Присмиревший на время Одноглазый выторговал условия, удовлетворившие всех. Мы получили проводников для путешествия сквозь джунгли и посредников для общения с жителями лежащих за джунглями земель.

Гоблин, положившись на свое идиотское чувство юмора, прозвал их Лысым и Хрипатым – по причинам самоочевидным. К смущению моему, клички прижились. Эти старики, безусловно, заслуживали лучшего. Хотя…

Весь остаток дня мы держали путь меж травянистых холмов. Темнота застала нас на выходе из глубокого лога. Отсюда был виден закат, пятнающий кровавыми отблесками воды широкой реки, а за рекой – густую зелень джунглей. Позади лежали рыжие горбы на фоне подернутого синей дымкой неба.

Настроение у меня было задумчивое, невеселое какое-то, можно сказать – паршивое. Похоже, мы можем дойти до водораздела не только в географическом смысле…

Много позже, не сумев заснуть из-за размышлений о том, что я вообще делаю в этих чужих землях, и о том, что мне все равно нечего больше делать и некуда податься, я оставил свою постель у догорающего костра и направился к холму, возвышающемуся на нашем фланге. Хотелось поглядеть на звезды, и почему-то я решил, что сверху они будут видны лучше.

Хрипатый, стоявший на часах, беззубо оскалился при виде меня и плюнул на уголья бурой от жвачки слюной. Не пройдя и полпути, я услышал его хрипы.

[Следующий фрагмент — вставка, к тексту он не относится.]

lemma char_poly_mat_of_enumeration:
  assumes "distinct xs" "distinct ys" "set xs = set ys"
  shows "char_poly (mat (length xs) (length xs) (\<lambda>(i, j). f (xs ! i) (xs ! j)))
       = char_poly (mat (length ys) (length ys) (\<lambda>(i, j). f (ys ! i) (ys ! j)))"
proof -
  have "mset xs = mset ys" using assms set_eq_iff_mset_eq_distinct by blast
  then obtain p where p: "p permutes {..<length ys}" and xs: "permute_list p ys = xs"
    by (rule mset_eq_permutation)
  have len: "length xs = length ys" using \<open>mset xs = mset ys\<close> by (rule mset_eq_length)
  have pn: "i < length ys \<Longrightarrow> p i < length ys" for i using permutes_in_image[OF p, of i] by simp
  have "mat (length xs) (length xs) (\<lambda>(i, j). f (xs ! i) (xs ! j))
      = mat (length ys) (length ys) (\<lambda>(i, j). mat (length ys) (length ys) (\<lambda>(i, j). f (ys ! i) (ys ! j)) $$ (p i, p j))"
    using p by (intro eq_matI) (auto simp: len xs[symmetric] permute_list_nth pn)
  then show ?thesis by (simp add: char_poly_reindex[OF _ p])
qed

lemma det_unit_upper_triangular:
  assumes A: "A \<in> carrier_mat n n"
    and diag: "\<And>i. i < n \<Longrightarrow> A $$ (i, i) = 1"
    and lower: "\<And>i j. j < i \<Longrightarrow> i < n \<Longrightarrow> A $$ (i, j) = 0"
  shows "det A = 1"
proof -
  have "det A = prod_list (diag_mat A)"
    using A lower by (intro det_upper_triangular[of _ n]) (auto simp: upper_triangular_def)
  also have "\<dots> = 1" using A diag by (simp add: prod_list_diag_prod)
  finally show ?thesis .
qed

lemma det_diagonal_mat: "det (mat n n (\<lambda>(i, j). if i = j then f i else 0)) = (\<Prod>i<n. f i)"
proof -
  have "det (mat n n (\<lambda>(i, j). if i = j then f i else 0))
      = prod_list (diag_mat (mat n n (\<lambda>(i, j). if i = j then f i else 0)))"
    by (intro det_upper_triangular[of _ n]) (auto simp: upper_triangular_def)
  then show ?thesis by (simp add: prod_list_diag_prod atLeast0LessThan)
qed

lemma prod_comp_eq_prod_power_card:
  assumes "finite A" "finite T" "p ` A \<subseteq> T"
  shows "(\<Prod>i\<in>A. f (p i)) = (\<Prod>t\<in>T. f t ^ card {i \<in> A. p i = t})"
proof -
  have "(\<Prod>i\<in>A. f (p i)) = (\<Prod>t\<in>T. \<Prod>i | i \<in> A \<and> p i = t. f (p i))"
    using assms by (rule prod.group[symmetric])
  also have "\<dots> = (\<Prod>t\<in>T. \<Prod>i | i \<in> A \<and> p i = t. f t)"
    by (intro prod.cong) auto
  also have "\<dots> = (\<Prod>t\<in>T. f t ^ card {i \<in> A. p i = t})"
    by simp
  finally show ?thesis .
qed

section \<open>Diagonal plus block-constant matrices\<close>

(* For i < M the index M + p i represents the part of i: right multiplication by 1 + rep_mat adds
   every column to the column of its representative, left multiplication by 1 - rep_mat subtracts
   from every row the row of its representative. *)
definition rep_mat :: "nat \<Rightarrow> nat \<Rightarrow> (nat \<Rightarrow> nat) \<Rightarrow> 'a::comm_ring_1 mat" where
  "rep_mat N M p = mat N N (\<lambda>(i, j). of_bool (i < M \<and> j = M + p i))"

lemma rep_mat_carrier [simp]: "rep_mat N M p \<in> carrier_mat N N"
  by (simp add: rep_mat_def)

lemma det_one_plus_rep_mat: "det (1\<^sub>m N + rep_mat N M p) = 1"
  by (rule det_unit_upper_triangular[of _ N]) (auto simp: rep_mat_def)

lemma det_one_minus_rep_mat: "det (1\<^sub>m N - rep_mat N M p) = 1"
  by (rule det_unit_upper_triangular[of _ N]) (auto simp: rep_mat_def)

lemma index_mult_one_plus_rep_mat:
  assumes "A \<in> carrier_mat n N" "i < n" "j < N" "M \<le> N"
  shows "(A * (1\<^sub>m N + rep_mat N M p)) $$ (i, j) = A $$ (i, j) + (\<Sum>l | l < M \<and> M + p l = j. A $$ (i, l))"
proof -
  have restrict: "{..<N} \<inter> {l. l < M \<and> M + p l = j} = {l. l < M \<and> M + p l = j}"
    using assms(4) by auto
  have "(A * (1\<^sub>m N + rep_mat N M p)) $$ (i, j)
      = (\<Sum>l<N. A $$ (i, l) * (of_bool (l = j) + of_bool (l < M \<and> j = M + p l)))"
    using assms by (simp add: rep_mat_def scalar_prod_def atLeast0LessThan of_bool_def)
  also have "\<dots> = A $$ (i, j) + (\<Sum>l | l < M \<and> M + p l = j. A $$ (i, l))"
    using assms by (simp add: distrib_left sum.distrib eq_commute[of j] sum.inter_restrict restrict)
  finally show ?thesis .
qed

Чахоточник? Ценное приобретение…

Луна сулила вскоре взойти. Круглая будет и яркая.

Я выбрал место и принялся наблюдать за горизонтом в ожидании пухлого оранжевого шара, который вот-вот перекатится через кромку Земли. Прохладный и влажный ветерок ерошил мне волосы. Вокруг было чертовски спокойно и мирно.

– Тебе тоже не спится?

Я вздрогнул и обернулся.

Она была темным клубочком на склоне холма. Если я и заметил ее прежде, то принял за камень. Я подошел ближе. Она сидела, обхватив руками колени. Взгляд был устремлен на север.

– Присаживайся.

Я сел.

– Что ты так пристально рассматриваешь?

– Жнеца. Лучника. Ладью Варго. И без сомнения, прошлое…

Она назвала созвездия. Я тоже различал их. На севере они в это время года стоят высоко. Здесь же – над самым горизонтом.

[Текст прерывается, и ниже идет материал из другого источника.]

(* Let $0<q<1$, let $\alpha\ge0$ and $k,N\ge1$ be integers. Then \[ M_\alpha(k,N)=\frac{q^{k(2-2N-\alpha)}}{N\,(1-q^2)^k}\, \frac{(q^{2N};q^2)_k\,(q^{2N+2\alpha};q^2)_k}{(q^2;q^2)_k}\; {}_3\phi_2\!\left(\begin{matrix}q^{2-2k},\,q^{2-2N},\,q^{2-2N-2\alpha}\\ q^{2-2N-2k},\,q^{2-2N-2\alpha-2k}\end{matrix};q^2,\,q^{-2k}\right), \] where the ${}_3\phi_2$ is the terminating sum over $l=0,\dots,k-1$.
   Context: Notation: $(a;q)_n=\prod_{i=0}^{n-1}(1-aq^i)$ (with $(a;q)_0=1$); ${}_3\phi_2\!\left(\begin{smallmatrix}a_1,a_2,a_3\\ b_1,b_2\end{smallmatrix};p,z\right)=\sum_{l\ge0}\frac{(a_1;p)_l(a_2;p)_l(a_3;p)_l}{(b_1;p)_l(b_2;p)_l(p;p)_l}z^l$. $s_\lambda$ denotes the Schur function of a partition $\lambda$; $s_\lambda(1,q^2,\dots,q^{2m-2})$ is its evaluation at $m$ variables $q^{2i}$, and $s_\lambda(1,q^2,q^4,\dots)$ its principal specialisation in infinitely many variables. $M_\alpha(k,N)$ is the $k$-th moment $\frac1N\mathbb{E}[\sum_{i=1}^N X_i^k]=\frac1N\mathbb{E}[p_k(X_1,\dots,X_N)]$ of the normalised one-point function of the discrete $q$-Laguerre orthogonal polynomial ensemble with parameter $\alpha$. It is understood here as determined by linearity from the following formula (due to Morozov–Popolitov–Shakirov, taken as given) for expectations of Schur polynomials: for every partition $\lambda$ of size $|\lambda|=k$, \[ \mathbb{E}[s_\lambda(X_1,\dots,X_N)]=\frac{q^{k(2-2N-\alpha)}}{(1-q^2)^k}\, \frac{s_\lambda(1,q^2,\dots,q^{2N-2})\,s_\lambda(1,q^2,\dots,q^{2N+2\alpha-2})}{s_\lambda(1,q^2,q^4,\dots)}, \] together with the expansion of the power sum $p_k=\sum_{|\lambda|=k}\chi^\lambda_{(k)}s_\lambda$ in Schur functions ($\chi^\lambda_{(k)}$ the irreducible symmetric-group character evaluated at a $k$-cycle). *)

theory Defs
  imports Complex_Main "HOL-Library.FuncSet"
begin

Да, мы и вправду проделали огромный путь. И впереди еще много-много миль…

– Подумать страшно, – сказала она. – Как мы далеко…

Да уж.

Луна – чудовищно огромная, почти красная – выплыла из-за горизонта.

– Ух ты! – прошептала Госпожа, и ее рука скользнула в мою.

Ее била дрожь, и потому через минуту я придвинулся и обнял ее. Она склонила голову мне на плечо.

Да, старая луна не жалела своей магии. Эта негодница околдует кого угодно.

Теперь понятно, отчего Хрипатый скалил зубы.

Пожалуй, момент был подходящим. Я повернул голову – и ее губы потянулись навстречу моим. Когда они встретились, я напрочь забыл, кто она и кем была. Ее руки, обвив меня, потянули книзу…

Она задрожала в моих объятиях, словно пойманная мышь.

– Что с тобой? – прошептал я.

– Ш-ш-ш, – сказала она, и лучшего ответа придумать было нельзя. Но оставить так она не могла, и пришлось продолжить: – У меня никогда… никогда не было вот так…

Ну да. Она наверняка знала, как сбить мужчину с толку и наполнить его тысячью сомнений.

Луна карабкалась все выше. Мы понемногу успокаивались. Нас отделяли друг от друга лишь несколько тряпок.

Внезапно она напряглась. Поволока исчезла из глаз. Она приподняла голову и расслабленно глянула мимо меня:

– Если кто из этих шутов забрался сюда подглядывать, ноги переломаю!

Я обернулся.

Позади никого не было. Она наблюдала за далекими вспышками молний.

– Гроза, – сказал я.

– Думаешь? Это далеко, в той стороне, где Храм. Но в здешних краях мы еще не видели ни одной грозы.

Изломанные пламенные копья часто били в землю.

И опасения, которые я обсуждал с Одноглазым, вернулись.

– Не знаю, Костоправ, – продолжала она, собирая с земли одежду. – Кажется, мне все это знакомо.

Я с облегчением последовал ее примеру, не будучи уверен, что смог бы завершить начатое. Мое внимание было отвлечено.

– Наверное, лучше в другой раз, – сказала она, не отрывая взгляда от молний. – Слишком уж шумно.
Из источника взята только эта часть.